Right, but I'm not sure that is currently available in our rhel ubi, but could be added of course, whereas I see iproute, which contains ss and I think that can do pretty much the same stuff. But, yes, I agree, it needs something like this to simulate and reproduce. However, reproduce what? I'm not entirely sure what happened at the network level in #92536 or how I would find out.

epag commented 3 weeks ago

Original Redmine Comment Author Name: James (James) Original Date: 2021-05-28T14:59:27Z


Might have a go at simulating with @ss@ or @tcpkill@ because it would be nice to reproduce, on the one hand, and confirm whether a heartbeat mitigates by ensuring that a connection exception occurs and is propagated to the graphics client, on the other hand. Adding the heartbeat is literally no more effort than adding an extra parameter to the connection url.
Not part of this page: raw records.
(* For every integer $k\ge1$, every graphic matroid is elementarily $(3k^3,k)$-weakly base orderable.
   Context: The graphic (cycle) matroid of a graph $G$ has ground set $E(G)$ and its bases are the edge sets of maximal spanning forests (spanning trees if $G$ is connected). An ordered pair $(B_1,B_2)$ of bases has the elementary $k$-exchange property if there exist $k$-element subsets $X\subseteq B_1\setminus B_2$, $Y\subseteq B_2\setminus B_1$ and a bijection $\varphi\colon X\to Y$ such that $(B_1\setminus Z)\cup\varphi(Z)$ is a basis for every $Z\subseteq X$. A matroid is elementarily $(\alpha,k)$-weakly base orderable if every ordered pair $(B_1,B_2)$ of bases with $|B_1\setminus B_2|\ge\alpha$ has the elementary $k$-exchange property. *)

theory Defs
  imports Main
begin

text \<open>A finite multigraph (loops and parallel edges allowed) is given by a finite
edge set E and a map ends assigning to each edge its two (possibly equal) endpoints.\<close>

definition connected_by :: "('e \<Rightarrow> 'v \<times> 'v) \<Rightarrow> 'e set \<Rightarrow> 'v \<Rightarrow> 'v \<Rightarrow> bool" where
  "connected_by ends F u v \<longleftrightarrow>
     (\<lambda>x y. \<exists>e\<in>F. ends e = (x, y) \<or> ends e = (y, x))\<^sup>*\<^sup>* u v"

text \<open>F is acyclic (a forest): no edge of F lies on a cycle of F, i.e. removing any
edge disconnects its endpoints (loops are excluded since they are cycles).\<close>
definition forest :: "('e \<Rightarrow> 'v \<times> 'v) \<Rightarrow> 'e set \<Rightarrow> bool" where
  "forest ends F \<longleftrightarrow>
     (\<forall>e\<in>F. \<not> connected_by ends (F - {e}) (fst (ends e)) (snd (ends e)))"

definition graphic_base :: "'e set \<Rightarrow> ('e \<Rightarrow> 'v \<times> 'v) \<Rightarrow> 'e set \<Rightarrow> bool" where
  "graphic_base E ends B \<longleftrightarrow>
     B \<subseteq> E \<and> forest ends B \<and> (\<forall>e\<in>E - B. \<not> forest ends (insert e B))"

definition elementary_exchange ::
  "('e set \<Rightarrow> bool) \<Rightarrow> nat \<Rightarrow> 'e set \<Rightarrow> 'e set \<Rightarrow> bool" where
  "elementary_exchange is_base k B1 B2 \<longleftrightarrow>
     (\<exists>X Y \<phi>. X \<subseteq> B1 - B2 \<and> Y \<subseteq> B2 - B1 \<and> card X = k \<and> card Y = k \<and>
        finite X \<and> finite Y \<and> bij_betw \<phi> X Y \<and>
        (\<forall>Z\<subseteq>X. is_base ((B1 - Z) \<union> \<phi> ` Z)))"

definition elem_weakly_base_orderable ::
  "('e set \<Rightarrow> bool) \<Rightarrow> nat \<Rightarrow> nat \<Rightarrow> bool" where
  "elem_weakly_base_orderable is_base \<alpha> k \<longleftrightarrow>
     (\<forall>B1 B2. is_base B1 \<longrightarrow> is_base B2 \<longrightarrow> card (B1 - B2) \<ge> \<alpha> \<longrightarrow>
        elementary_exchange is_base k B1 B2)"

end

theory Submission
  imports Defs
begin

text \<open>Root every component of the spanning forest B1 and attach to each edge x of B1 the
  vertex set of the subtree below x. An edge y can replace x exactly when y leaves this
  subtree, and the subtrees form a laminar family. By Mirsky's theorem, among
  (2k-1)k + 1 \<le> 3k^3 edges of B1 - B2 there are k with pairwise disjoint subtrees or 2k with
  nested subtrees. In either case, walking along B2 yields pairs (x_i, y_i) with y_i in B2 - B1
  leaving the subtree of x_i but not that of any later x_j. Performing the swaps of any subfamily
  in list order never changes the fundamental cuts of the remaining x_j, so every partial
  exchange is again a spanning forest.\<close>

lemma chain_extend_by_maximal:
  fixes S :: "'a::order set"
  assumes "finite S" "C \<subseteq> S" "C \<noteq> {}" "\<forall>a\<in>C. \<forall>b\<in>C. a \<le> b \<or> b \<le> a"
    and no_max: "\<forall>c\<in>C. \<exists>b\<in>S. c < b"
  obtains y where "y \<in> S - C" "\<forall>a\<in>insert y C. \<forall>b\<in>insert y C. a \<le> b \<or> b \<le> a"
proof -
  obtain m where m: "m \<in> C" "\<forall>b\<in>C. m \<le> b \<longrightarrow> m = b"
    using finite_has_maximal[OF finite_subset[OF assms(2,1)] assms(3)] by blast
  have below_m: "c \<le> m" if "c \<in> C" for c
    using m assms(4) that by (metis order_refl)
  obtain y where y: "y \<in> S" "m \<le> y" "\<forall>b\<in>S. y \<le> b \<longrightarrow> y = b"
    using finite_has_maximal2[OF assms(1)] m(1) assms(2) by blast
  have "y \<notin> C"
  proof
    assume "y \<in> C"
    then obtain b where "b \<in> S" "y < b" using no_max by blast
    then show False using y(3) by fastforce
  qed
  moreover have "\<forall>a\<in>insert y C. \<forall>b\<in>insert y C. a \<le> b \<or> b \<le> a"
    using assms(4) order.trans[OF below_m y(2)] by auto
  ultimately show thesis using that y(1) by blast
qed

lemma mirsky_antichain_or_chain:
  fixes S :: "'a::order set"
  assumes "finite S" "d * k < card S"
  shows "(\<exists>A\<subseteq>S. k \<le> card A \<and> (\<forall>a\<in>A. \<forall>b\<in>A. a \<le> b \<longrightarrow> a = b)) \<or>
         (\<exists>C\<subseteq>S. card C = Suc d \<and> (\<forall>a\<in>C. \<forall>b\<in>C. a \<le> b \<or> b \<le> a))"
  using assms
proof (induction d arbitrary: S)
  case 0
  then obtain s where "s \<in> S" by fastforce
  then have "{s} \<subseteq> S \<and> card {s} = Suc 0 \<and> (\<forall>a\<in>{s}. \<forall>b\<in>{s}. a \<le> b \<or> b \<le> a)" by simp
  then show ?case by blast
next
  case (Suc d)
  define M where "M = {a\<in>S. \<forall>b\<in>S. a \<le> b \<longrightarrow> a = b}"
  have M: "M \<subseteq> S" "\<forall>a\<in>M. \<forall>b\<in>M. a \<le> b \<longrightarrow> a = b" by (auto simp: M_def)
  show ?case
  proof (cases "k \<le> card M")
    case True
    then show ?thesis using M by blast
  next
    case False
    have "card (S - M) = card S - card M"
      using card_Diff_subset[OF finite_subset[OF M(1) Suc.prems(1)] M(1)] .
    then have "d * k < card (S - M)" using Suc.prems(2) False by simp
    from Suc.IH[OF _ this] Suc.prems(1)
    have "(\<exists>A\<subseteq>S - M. k \<le> card A \<and> (\<forall>a\<in>A. \<forall>b\<in>A. a \<le> b \<longrightarrow> a = b)) \<or>
        (\<exists>C\<subseteq>S - M. card C = Suc d \<and> (\<forall>a\<in>C. \<forall>b\<in>C. a \<le> b \<or> b \<le> a))" by simp
    then show ?thesis
    proof (elim disjE exE conjE)
      fix C assume C: "C \<subseteq> S - M" "card C = Suc d" "\<forall>a\<in>C. \<forall>b\<in>C. a \<le> b \<or> b \<le> a"
      have "\<forall>c\<in>C. \<exists>b\<in>S. c < b"
      proof
        fix c assume "c \<in> C"
        then have "c \<in> S" "c \<notin> M" using C(1) by auto
        then obtain b where "b \<in> S" "c \<le> b" "c \<noteq> b" unfolding M_def by blast
        then show "\<exists>b\<in>S. c < b" using order.not_eq_order_implies_strict by blast
      qed
      moreover have "C \<subseteq> S" "C \<noteq> {}" using C(1,2) by auto
      ultimately obtain y where y: "y \<in> S - C" "\<forall>a\<in>insert y C. \<forall>b\<in>insert y C. a \<le> b \<or> b \<le> a"
        using chain_extend_by_maximal[OF Suc.prems(1) _ _ C(3)] by blast
      have "finite C" using C(2) by (simp add: card_ge_0_finite)
      with C(2) y(1) have "card (insert y C) = Suc (Suc d)" by simp
      with y \<open>C \<subseteq> S\<close> have "insert y C \<subseteq> S \<and> card (insert y C) = Suc (Suc d) \<and>
          (\<forall>a\<in>insert y C. \<forall>b\<in>insert y C. a \<le> b \<or> b \<le> a)" by blast
      then show ?thesis by blast
    next
      fix A assume "A \<subseteq> S - M" "k \<le> card A" "\<forall>a\<in>A. \<forall>b\<in>A. a \<le> b \<longrightarrow> a = b"
      then show ?thesis by blast
    qed
  qed
qed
All the other stuff is a lot more work (in varying degrees).

epag commented 3 weeks ago

Original Redmine Comment Author Name: James (James) Original Date: 2021-05-28T15:16:16Z


I can see the tcp connections for the jms/graphics client (edit: only one client, three queues, three amqp over tcp connections) from within the eventsbroker container.

sh-4.4$ ss state connected -t | grep jms
ESTAB 0      0      172.19.254.196:jms  172.19.254.198:43318
ESTAB 0      0      172.19.254.196:jms  172.19.254.198:43322
ESTAB 0      0      172.19.254.196:jms  172.19.254.198:43326
epag commented 3 weeks ago

Original Redmine Comment Author Name: James (James) Original Date: 2021-05-28T15:20:37Z


sh-4.4$ ss --help | grep 'kill'
   -K, --kill          forcibly close sockets, display what was closed
epag commented 3 weeks ago

Original Redmine Comment Author Name: James (James) Original Date: 2021-05-28T15:32:40Z


Hmmmm, nothing.

sh-4.4$ ss -K dst 172.19.254.198 dport = 43318
Netid      State      Recv-Q      Send-Q             Local Address:Port             Peer Address:Port      Process

So I guess it cannot close this one, kernel won't allow it.

epag commented 3 weeks ago

Original Redmine Comment Author Name: James (James) Original Date: 2021-05-28T15:45:28Z


Ah.

sh-4.4$ zcat config.gz | grep CONFIG_INET_DIAG_DESTROY
1. CONFIG_INET_DIAG_DESTROY is not set
epag commented 3 weeks ago

Original Redmine Comment Author Name: James (James) Original Date: 2021-05-28T16:16:33Z


Seems not easy to get @tcpkill@, which is part of the @dsniff@ package?

However, it does appear to take a different approach that would bypass the kernel (edit: I mean @CONFIG_INET_DIAG_DESTROY@), namely to sniff for tcp traffic and then formulate a correctly configured tcp reset packet. Obviously assumes that there is traffic though, so would hang indefinitely on an idle connection. I guess the tcp heartbeat would solve that too, but it would not allow us to formulate a test case with/without it.

Hmmmm, seems like a tough problem to simulate (even ignoring that we don't know exactly what happened in #92536). Open to ideas.